# the NNPP re-boot - the SPP



## science (Oct 14, 2010)

Ok, it didn't work well the last time: I declared a "no-purchasing project" was underway, and within a week I'd bought probably 36 hours of music.

Now, I'm going to enact the "Slow Purchasing Project," as I think it's a more manageable goal.

Anyway, I am feeling overwhelmed and grateful just now for the amount of music that there is... and, to be frank, that I have. I know the Naxos site is up and I ought to take advantage of a source like that, but it just doesn't have the visceral appeal to me that ownership does. Totally depraved humanity.

So, lately -










Phenomenal. I'm on an Enescu kick anyway these days - planning to make a thread someday about how underrated he is! My silliness aside, this is a really good opera, from both a musical and a literary point of view.










I think I mentioned this in a blog post last time I listened to it too. My god, it's long enough, I ought to be proud to get through it.










Whenever I listen to it, I think I like the John Passion more than the Matthew Passion. But then when I listen to the Matthew Passion, I'm not so sure.

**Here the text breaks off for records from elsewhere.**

lemma abs_Max_image_diff_le:
  fixes F G :: "'a \<Rightarrow> real"
  assumes "finite A" and "A \<noteq> {}" and close: "\<And>a. a \<in> A \<Longrightarrow> \<bar>F a - G a\<bar> \<le> e"
  shows "\<bar>Max (F ` A) - Max (G ` A)\<bar> \<le> e"
proof -
  have "Max (F ` A) \<in> F ` A" and "Max (G ` A) \<in> G ` A"
    using assms(1,2) by (intro Max_in; simp)+
  then obtain a b where "a \<in> A" and a: "Max (F ` A) = F a" and "b \<in> A" and b: "Max (G ` A) = G b"
    by auto
  have "G a \<le> Max (G ` A)" and "F b \<le> Max (F ` A)"
    using \<open>a \<in> A\<close> \<open>b \<in> A\<close> \<open>finite A\<close> by auto
  then show ?thesis using close[OF \<open>a \<in> A\<close>] close[OF \<open>b \<in> A\<close>] a b by linarith
qed

lemma sqrt_diff_le_sqrt_diff:
  fixes a b :: real
  assumes "0 \<le> b" and "b \<le> a"
  shows "sqrt a - sqrt b \<le> sqrt (a - b)"
proof -
  have "a \<le> (sqrt b + sqrt (a - b))\<^sup>2"
    using assms by (simp add: power2_sum)
  then have "sqrt a \<le> sqrt b + sqrt (a - b)" using assms by (intro real_le_lsqrt) auto
  then show ?thesis by simp
qed

lemma abs_sqrt_diff_le:
  fixes a b :: real
  assumes "0 \<le> a" and "0 \<le> b"
  shows "\<bar>sqrt a - sqrt b\<bar> \<le> sqrt \<bar>a - b\<bar>"
  using assms sqrt_diff_le_sqrt_diff[of a b] sqrt_diff_le_sqrt_diff[of b a]
  by (cases "b \<le> a") (auto simp: abs_minus_commute)

(* sqrt (max 0 _) rather than sqrt: the net points P need not be positive semidefinite, and
   HOL's sqrt is odd on negative arguments. *)
definition Qparam ::
    "('s \<Rightarrow> 'b \<Rightarrow> real^'d) \<Rightarrow> real \<Rightarrow> real^'d \<Rightarrow> real \<Rightarrow> real^'d^'d \<Rightarrow> 's \<Rightarrow> 'b \<Rightarrow> real"
  where "Qparam \<phi> M w v P s a = min (w \<bullet> \<phi> s a + v + sqrt (max 0 (\<phi> s a \<bullet> (P *v \<phi> s a)))) M"

lemma Qclass_subset_Qparam:
  fixes \<phi> :: "'s \<Rightarrow> 'b \<Rightarrow> real^'d"
  assumes "0 < lam"
  shows "Qclass \<phi> L B D M lam \<subseteq> (\<lambda>(w, v, P). Qparam \<phi> M w v P) `
           (cball 0 L \<times> cball 0 D \<times> cball 0 (sqrt (real CARD('d)) * B\<^sup>2 / lam))"
proof
  fix Q assume "Q \<in> Qclass \<phi> L B D M lam"
  then obtain w v \<beta> Lam
    where Q: "Q = (\<lambda>s a. min (w \<bullet> \<phi> s a + v + \<beta> * sqrt (\<phi> s a \<bullet> (matrix_inv Lam *v \<phi> s a))) M)"
      and "norm w \<le> L" and "0 \<le> \<beta>" "\<beta> \<le> B" and "0 \<le> v" "v \<le> D"
      and sym: "transpose Lam = Lam" and eig: "min_eig_ge Lam lam"
    unfolding Qclass_def pos_def_mat_def by blast
  define P where "P = \<beta>\<^sup>2 *\<^sub>R matrix_inv Lam"
  have "norm P = \<beta>\<^sup>2 * norm (matrix_inv Lam)" by (simp add: P_def)
  also have "\<dots> \<le> B\<^sup>2 * (sqrt (real CARD('d)) / lam)"
    using norm_matrix_inv_le[OF sym eig \<open>0 < lam\<close>] \<open>0 \<le> \<beta>\<close> \<open>\<beta> \<le> B\<close>
    by (intro mult_mono power_mono) auto
  finally have "norm P \<le> sqrt (real CARD('d)) * B\<^sup>2 / lam" by (simp add: ac_simps)
  moreover have "\<beta> * sqrt (x \<bullet> (matrix_inv Lam *v x)) = sqrt (max 0 (x \<bullet> (P *v x)))" for x
  proof -
    have "x \<bullet> (P *v x) = \<beta>\<^sup>2 * (x \<bullet> (matrix_inv Lam *v x))"
      by (simp add: P_def scaleR_matrix_vector_assoc[symmetric])
    then show ?thesis
      using quadratic_form_matrix_inv_nonneg[OF sym eig \<open>0 < lam\<close>, of x] \<open>0 \<le> \<beta>\<close>
      by (simp add: real_sqrt_mult)
  qed
  then have "Q = Qparam \<phi> M w v P" unfolding Q by (intro ext) (simp add: Qparam_def)
  ultimately show "Q \<in> (\<lambda>(w, v, P). Qparam \<phi> M w v P) `
           (cball 0 L \<times> cball 0 D \<times> cball 0 (sqrt (real CARD('d)) * B\<^sup>2 / lam))"
    using \<open>norm w \<le> L\<close> \<open>0 \<le> v\<close> \<open>v \<le> D\<close> by (intro rev_image_eqI[of "(w, v, P)"]) auto
qed

lemma Qparam_diff_le:
  assumes "norm (\<phi> s a) \<le> 1"
  shows "\<bar>Qparam \<phi> M w v P s a - Qparam \<phi> M w' v' P' s a\<bar>
           \<le> norm (w - w') + \<bar>v - v'\<bar> + sqrt (norm (P - P'))"
proof -
  define x where "x = \<phi> s a"
  have "\<bar>w \<bullet> x - w' \<bullet> x\<bar> \<le> norm (w - w') * norm x"
    by (metis Cauchy_Schwarz_ineq2 inner_diff_left)
  also have "\<dots> \<le> norm (w - w')" using assms by (simp add: x_def mult_left_le)
  finally have lin: "\<bar>w \<bullet> x - w' \<bullet> x\<bar> \<le> norm (w - w')" .
  have "x \<bullet> (P *v x) - x \<bullet> (P' *v x) = x \<bullet> ((P - P') *v x)"
    by (simp add: matrix_vector_mult_diff_rdistrib inner_diff_right)
  then have "\<bar>x \<bullet> (P *v x) - x \<bullet> (P' *v x)\<bar> \<le> norm x * norm ((P - P') *v x)"
    by (simp add: Cauchy_Schwarz_ineq2)
  also have "\<dots> \<le> norm ((P - P') *v x)" using assms by (simp add: x_def mult_left_le_one_le)
  also have "\<dots> \<le> norm (P - P') * norm x" by (rule norm_matrix_vector_mult_le)
  also have "\<dots> \<le> norm (P - P')" using assms by (simp add: x_def mult_left_le)
  finally have "\<bar>max 0 (x \<bullet> (P *v x)) - max 0 (x \<bullet> (P' *v x))\<bar> \<le> norm (P - P')"
    by (intro abs_max_diff_le) auto
  then have quad: "\<bar>sqrt (max 0 (x \<bullet> (P *v x))) - sqrt (max 0 (x \<bullet> (P' *v x)))\<bar> \<le> sqrt (norm (P - P'))"
    by (intro order_trans[OF abs_sqrt_diff_le]) auto
  show ?thesis
    unfolding Qparam_def x_def[symmetric] using lin quad
    by (intro abs_min_diff_le) (auto simp: abs_le_iff)
qed

section \<open>Covers of the classes\<close>

lemma Qclass_cover:
  fixes \<phi> :: "'s \<Rightarrow> 'b \<Rightarrow> real^'d"
  assumes \<phi>: "\<And>s a. a \<in> A \<Longrightarrow> norm (\<phi> s a) \<le> 1"
    and "0 \<le> L" and "0 \<le> D" and "0 < lam" and "0 < eps"
  obtains CQ where "finite CQ"
    and "real (card CQ) \<le> (1 + 8 * L / eps) ^ CARD('d) * (1 + 8 * D / eps)
           * (1 + 8 * sqrt (real CARD('d)) * B\<^sup>2 / (lam * eps\<^sup>2)) ^ (CARD('d)\<^sup>2)"
    and "\<forall>Q\<in>Qclass \<phi> L B D M lam. \<exists>g\<in>CQ. \<forall>s. \<forall>a\<in>A. \<bar>Q s a - g s a\<bar> \<le> eps"
proof -
  define R where "R = sqrt (real CARD('d)) * B\<^sup>2 / lam"
  have "0 \<le> R" using \<open>0 < lam\<close> by (simp add: R_def)
  have "0 < eps / 4" and "0 < eps\<^sup>2 / 4" using \<open>0 < eps\<close> by simp_all
  obtain Cw :: "(real^'d) set" where "finite Cw"
    and card_Cw: "real (card Cw) \<le> (1 + 2 * L / (eps / 4)) ^ DIM(real^'d)"
    and net_w: "\<And>w. w \<in> cball 0 L \<Longrightarrow> \<exists>c\<in>Cw. dist w c \<le> eps / 4"
    using cball_finite_net[OF \<open>0 \<le> L\<close> \<open>0 < eps / 4\<close>] by blast
  obtain Cv :: "real set" where "finite Cv"
    and card_Cv: "real (card Cv) \<le> (1 + 2 * D / (eps / 4)) ^ DIM(real)"
    and net_v: "\<And>v. v \<in> cball 0 D \<Longrightarrow> \<exists>c\<in>Cv. dist v c \<le> eps / 4"
    using cball_finite_net[OF \<open>0 \<le> D\<close> \<open>0 < eps / 4\<close>] by blast
  obtain CP :: "(real^'d^'d) set" where "finite CP"
    and card_CP: "real (card CP) \<le> (1 + 2 * R / (eps\<^sup>2 / 4)) ^ DIM(real^'d^'d)"
    and net_P: "\<And>P. P \<in> cball 0 R \<Longrightarrow> \<exists>c\<in>CP. dist P c \<le> eps\<^sup>2 / 4"
    using cball_finite_net[OF \<open>0 \<le> R\<close> \<open>0 < eps\<^sup>2 / 4\<close>] by blast
  have "(1 + 2 * R / (eps\<^sup>2 / 4)) ^ DIM(real^'d^'d)
      = (1 + 8 * sqrt (real CARD('d)) * B\<^sup>2 / (lam * eps\<^sup>2)) ^ (CARD('d)\<^sup>2)"
    by (simp add: R_def power2_eq_square mult.assoc)
  moreover have "(1 + 2 * L / (eps / 4)) ^ DIM(real^'d) = (1 + 8 * L / eps) ^ CARD('d)"
    and "(1 + 2 * D / (eps / 4)) ^ DIM(real) = 1 + 8 * D / eps"
    by simp_all
  ultimately have card_nets: "real (card Cw) * real (card Cv) * real (card CP)
      \<le> (1 + 8 * L / eps) ^ CARD('d) * (1 + 8 * D / eps)
           * (1 + 8 * sqrt (real CARD('d)) * B\<^sup>2 / (lam * eps\<^sup>2)) ^ (CARD('d)\<^sup>2)"
    using card_Cw card_Cv card_CP by (intro mult_mono) auto
  define CQ where "CQ = (\<lambda>(w, v, P). Qparam \<phi> M w v P) ` (Cw \<times> Cv \<times> CP)"
  show ?thesis
  proof
    show "finite CQ" using \<open>finite Cw\<close> \<open>finite Cv\<close> \<open>finite CP\<close> by (simp add: CQ_def)
    have "card CQ \<le> card (Cw \<times> Cv \<times> CP)"
      unfolding CQ_def using \<open>finite Cw\<close> \<open>finite Cv\<close> \<open>finite CP\<close> by (intro card_image_le) simp
    also have "\<dots> = card Cw * card Cv * card CP" by (simp add: card_cartesian_product)
    finally have "real (card CQ) \<le> real (card Cw) * real (card Cv) * real (card CP)"
      by (metis of_nat_le_iff of_nat_mult)
    with card_nets show "real (card CQ) \<le> (1 + 8 * L / eps) ^ CARD('d) * (1 + 8 * D / eps)
           * (1 + 8 * sqrt (real CARD('d)) * B\<^sup>2 / (lam * eps\<^sup>2)) ^ (CARD('d)\<^sup>2)"
      by linarith
  next
    show "\<forall>Q\<in>Qclass \<phi> L B D M lam. \<exists>g\<in>CQ. \<forall>s. \<forall>a\<in>A. \<bar>Q s a - g s a\<bar> \<le> eps"
    proof
      fix Q assume "Q \<in> Qclass \<phi> L B D M lam"
      then have "Q \<in> (\<lambda>(w, v, P). Qparam \<phi> M w v P) ` (cball 0 L \<times> cball 0 D \<times> cball 0 R)"
        using Qclass_subset_Qparam[OF \<open>0 < lam\<close>] unfolding R_def by blast
      then obtain w v P where Q: "Q = Qparam \<phi> M w v P"
        and "w \<in> cball 0 L" "v \<in> cball 0 D" "P \<in> cball 0 R"
        by auto
      obtain w' where "w' \<in> Cw" "norm (w - w') \<le> eps / 4"
        using net_w[OF \<open>w \<in> cball 0 L\<close>] by (auto simp: dist_norm)
      obtain v' where "v' \<in> Cv" "\<bar>v - v'\<bar> \<le> eps / 4"
        using net_v[OF \<open>v \<in> cball 0 D\<close>] by (auto simp: dist_real_def)
      obtain P' where "P' \<in> CP" "norm (P - P') \<le> eps\<^sup>2 / 4"
        using net_P[OF \<open>P \<in> cball 0 R\<close>] by (auto simp: dist_norm)
      have "\<bar>Q s a - Qparam \<phi> M w' v' P' s a\<bar> \<le> eps" if "a \<in> A" for s a
      proof -
        have "sqrt (norm (P - P')) \<le> sqrt (eps\<^sup>2 / 4)" by (rule real_sqrt_le_mono) fact
        also have "\<dots> = eps / 2" using \<open>0 < eps\<close> by (simp add: real_sqrt_divide)
        finally show ?thesis
          using Qparam_diff_le[of \<phi> s a M w v P w' v' P'] \<phi>[OF that] Q
            \<open>norm (w - w') \<le> eps / 4\<close> \<open>\<bar>v - v'\<bar> \<le> eps / 4\<close> by simp
      qed
      moreover have "Qparam \<phi> M w' v' P' \<in> CQ"
        using \<open>w' \<in> Cw\<close> \<open>v' \<in> Cv\<close> \<open>P' \<in> CP\<close> by (force simp: CQ_def)
      ultimately show "\<exists>g\<in>CQ. \<forall>s. \<forall>a\<in>A. \<bar>Q s a - g s a\<bar> \<le> eps" by blast
    qed
  qed
qed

Didn't really listen to this. It was background music. I don't feel too guilty because Wolf hasn't grabbed me yet. I'll give him more chances, of course. Just sayin'.

That's probably enough....


----------



## Sid James (Feb 7, 2009)

i can understand, hard to resist buying cd's, esp. for classical "fanatics" like most of us on this forum.

so slowing down is a good idea. like a diet you have to reward yourself sometimes. a starvation diet rarely works. has to be balance there for it to succeed long term.

re hugo wolf - he's really the most text-based lieder writer of them all. the others tend to give you more juicy melodies to hang onto. wolf, not so much. language is integral to his way of songwriting. r. strauss was similar in his opera capriccio, very heavily text-based. but r. strauss' artsongs, the ones i know, still have some tuneful quality.

wolf is more about mood for me than melody. but without following along with the text, it can be kind of boring. or not very gratifying for esp. the non-german speaking listener. but if you like the vibe of his music, it may work in the long term. i am not much into him, to tell the truth. i think i prefer french art-song, as well as american song, over the germans, except cabaret inspired things - eg. schoenberg's brettl-lieder or his pierrot lunaire, one of my favourite song-cycles of all time...


----------